Thursday, August 31, 2006

My Affair with Mr. Clean

By Sharie Derrickson

My husband and daughter are addicted to gadgets and cleaning products – in that they have this strange urge to just go out and buy them. It is some weird bonding ritual of which I am not included. If there is a newer or greater product that cleans, sweeps, dusts, or organizes, the two of them rush out and try and find it. Most of the time, they come home with some new cleaning or organizing gadget that is used once and then never touched again because it is lame.

On top of it all, they try and con me by telling me from the cel phone that, “they bought me something.” Not only did, “they buy me something,” but also they bought me something that I am really, really, really, really and going to just love. I then sit home all eager to find out what they bought me only to find out that they bought me a salad shooter. I hate salad. Frankly, I don’t see what people see in salads, let alone in something that shoots a salad. I don’t believe in making salads. I believe, that if you absolutely have to eat a salad, then you should buy one that comes in a bag. I have no desire to mess up my kitchen all in the name of health. Salads are a scam designed by kitchen gadget people who try to convince you that salads are good for you so you will buy their product.

So, they show me the salad shooter and I am supposed to get all weak-kneed over it like it is a diamond tiara or something. For crying out loud – it’s a machine that you put a cucumber in and it shoots it into a bowl – how exciting is that? Then, they expect me to cancel my plans for the day so that I can go out, buy some cucumbers, and then shoot them into a bowl. “No, sorry girls, I can’t go to lunch with you because my family and I are going to make a salad – from scratch – with my new salad shooter.”

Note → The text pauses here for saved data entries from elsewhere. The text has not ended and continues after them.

(* Let $T,P,S$ be real constants and consider, on $\{(x_3,y_4): 0<x_3<1,\ 0<y_4<1\}$, the system $$\dot x_3=x_3\bigl((T-2P+S)-(T-S)y_4\bigr)\,\frac{y_4(1-x_3)}{(1+y_4-x_3+y_4x_3)^2},\qquad \dot y_4=(1-y_4)\bigl((T-P)x_3-(P-S)\bigr)\,\frac{y_4(1-x_3)}{(1+y_4-x_3+y_4x_3)^2}.$$ Then the function $$H(x_3,y_4)=-(P-S)\bigl(\log x_3+2\log(1-y_4)\bigr)+(T-P)x_3-(T-S)y_4$$ is constant along every solution of this system.
   Context: This system describes the reduced learning dynamics in the exploitative regime of the prisoner's dilemma with payoffs $T>R>P>S$, where $x_3$ is the exploiting player's probability of cooperating after outcome DC and $y_4$ the exploited player's probability of cooperating after outcome DD. *)

theory Defs
  imports "HOL-Analysis.Analysis"
begin

definition rate :: "real \<Rightarrow> real \<Rightarrow> real" where
  "rate x3 y4 = y4 * (1 - x3) / (1 + y4 - x3 + y4 * x3)^2"

definition fx3 :: "real \<Rightarrow> real \<Rightarrow> real \<Rightarrow> real \<Rightarrow> real \<Rightarrow> real" where
  "fx3 T P S x3 y4 = x3 * ((T - 2*P + S) - (T - S) * y4) * rate x3 y4"

definition fy4 :: "real \<Rightarrow> real \<Rightarrow> real \<Rightarrow> real \<Rightarrow> real \<Rightarrow> real" where
  "fy4 T P S x3 y4 = (1 - y4) * ((T - P) * x3 - (P - S)) * rate x3 y4"

definition Hfun :: "real \<Rightarrow> real \<Rightarrow> real \<Rightarrow> real \<Rightarrow> real \<Rightarrow> real" where
  "Hfun T P S x3 y4 = - (P - S) * (ln x3 + 2 * ln (1 - y4)) + (T - P) * x3 - (T - S) * y4"

end

theory Submission
  imports Defs
begin

text \<open>
  Its gradient is \<open>(T - P - (P - S)/x3, 2(P - S)/(1 - y4) - (T - S))\<close>;
  after cancelling the factors \<open>x3\<close> and \<open>1 - y4\<close> against the vector field, both terms of
  the orbital derivative carry the factor \<open>(T - P) x3 - (P - S)\<close>, with opposite cofactors
  \<open>\<plusminus>((T - 2P + S) - (T - S) y4)\<close>. So H has zero derivative along solutions and is
  constant on the (connected) time interval.
\<close>

lemma Hfun_gradient_orthogonal_field:
  assumes "x3 \<noteq> 0" and "y4 \<noteq> 1"
  shows "(T - P - (P - S) / x3) * fx3 T P S x3 y4
           + (2 * (P - S) / (1 - y4) - (T - S)) * fy4 T P S x3 y4 = 0"
  using assms unfolding fx3_def fy4_def by (simp add: field_simps)

lemma has_real_derivative_Hfun_comp:
  assumes "(x3 has_real_derivative x3') (at t within I)"
    and "(y4 has_real_derivative y4') (at t within I)"
    and "0 < x3 t" and "y4 t < 1"
  shows "((\<lambda>t. Hfun T P S (x3 t) (y4 t)) has_real_derivative
           (T - P - (P - S) / x3 t) * x3' + (2 * (P - S) / (1 - y4 t) - (T - S)) * y4')
         (at t within I)"
proof -
  have "((\<lambda>t. Hfun T P S (x3 t) (y4 t)) has_real_derivative
          - (P - S) * (x3' / x3 t + 2 * (- y4' / (1 - y4 t))) + (T - P) * x3' - (T - S) * y4')
        (at t within I)"
    unfolding Hfun_def using assms by (auto intro!: derivative_eq_intros)
  moreover have "- (P - S) * (x3' / x3 t + 2 * (- y4' / (1 - y4 t))) + (T - P) * x3' - (T - S) * y4'
      = (T - P - (P - S) / x3 t) * x3' + (2 * (P - S) / (1 - y4 t) - (T - S)) * y4'"
    using assms(3,4) by (simp add: field_simps)
  ultimately show ?thesis by simp
qed

theorem mainTheorem2:
  fixes T P S :: real and x3 y4 :: "real \<Rightarrow> real" and I :: "real set"
  assumes "is_interval I"
    and "\<forall>t\<in>I. 0 < x3 t \<and> x3 t < 1 \<and> 0 < y4 t \<and> y4 t < 1"
    and "\<forall>t\<in>I. (x3 has_real_derivative fx3 T P S (x3 t) (y4 t)) (at t within I)"
    and "\<forall>t\<in>I. (y4 has_real_derivative fy4 T P S (x3 t) (y4 t)) (at t within I)"
  shows "\<forall>s\<in>I. \<forall>t\<in>I. Hfun T P S (x3 s) (y4 s) = Hfun T P S (x3 t) (y4 t)"
proof -
  have "((\<lambda>t. Hfun T P S (x3 t) (y4 t)) has_real_derivative 0) (at t within I)"
    if "t \<in> I" for t
  proof -
    have "0 < x3 t" "y4 t < 1"
      using assms(2) that by auto
    then have "((\<lambda>t. Hfun T P S (x3 t) (y4 t)) has_real_derivative
        (T - P - (P - S) / x3 t) * fx3 T P S (x3 t) (y4 t)
          + (2 * (P - S) / (1 - y4 t) - (T - S)) * fy4 T P S (x3 t) (y4 t)) (at t within I)"
      using assms(3,4) that by (intro has_real_derivative_Hfun_comp) auto
    moreover have "(T - P - (P - S) / x3 t) * fx3 T P S (x3 t) (y4 t)
        + (2 * (P - S) / (1 - y4 t) - (T - S)) * fy4 T P S (x3 t) (y4 t) = 0"
      using \<open>0 < x3 t\<close> \<open>y4 t < 1\<close> by (intro Hfun_gradient_orthogonal_field) auto
    ultimately show ?thesis by simp
  qed
  moreover have "convex I"
    using assms(1) by (simp add: is_interval_convex)
  ultimately obtain c where "\<forall>t\<in>I. Hfun T P S (x3 t) (y4 t) = c"
    using has_field_derivative_zero_constant by blast
  then show ?thesis by simp
qed

end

Then, I have to tell them a tragic story. “You know, I once had a math teacher in high school who lost an eye using one of these. They’re treacherous machines – like lawn darts.”

“That’s a lie mom – you said it was a bow-hunting accident.”

“No, he went bow hunting and then went home to make a salad to have with his freshly-killed game, and the next thing you know, he shoots cucumber in his eye. I never liked math or salads after that,” I said with a shiver. “I had nightmares about it for a month.”

And the salad shooter is just one of the many things they drag home that I am suppose to get all goodie goodie about. I have this spin thing you put plastic ware into. “Oooooo. Look at this,” my husband says. “It spins.”

“It’s plastic ware. Why does it need to spin?”

“Because you just turn this carousel around in circles and you can grab the different size plastic ware.”

“It’s plastic ware – I still don’t see why it needs to spin.”

“It saves space.”

“Space for what? The recharger for the steak knives? The solar-powered juicer?”

“Come here and look – see – it spins. It spins this way – it spins that way – you can pull it out and it spins – and it even spins if you put it in a drawer.”

“But I still don’t see why it needs to spin? Make it stop spinning, and I will try and like it. Until then, I don’t want it in my kitchen. It’s too weird.”

The same thing went for the wet-dry floor mopper with the heat and massage grip handle, the battery-powered bug sucker and cobweb remover, the magnetic light bulb cleaner. In short, I have had little use for any of the products they have brought home because I believed that nothing is ever what it is cracked up to be – that is, until last weekend when my family brought home the most marvelous invention of all time – the “Mr. Clean Magic Eraser.”

Now, I know it is a little out of my journalism realm to do product endorsements. That would be a set a bad precedent because before you know it, everyone would want me to do a product endorsement, and I am just too busy for all of that. I have columns to write, a family to take care of, government meetings to attend, and reality television to keep up with, but, mostly, I am busy using my new Magic Eraser. I can’t get enough of this thing. It’s addicting. I’m telling you, I really don’t think putting people in space is all that big of a deal compared to my new sponge. So what if we can build a big space ship out of aluminum foil and then shoot it into the cosmos so that someday, when I am dead and gone, we can colonize Mars and plunder it for its natural resources. Is that going to get the grime off of my kitchen cupboards? No. I don’t think so. But, for once, science has come up with something that makes my life easier.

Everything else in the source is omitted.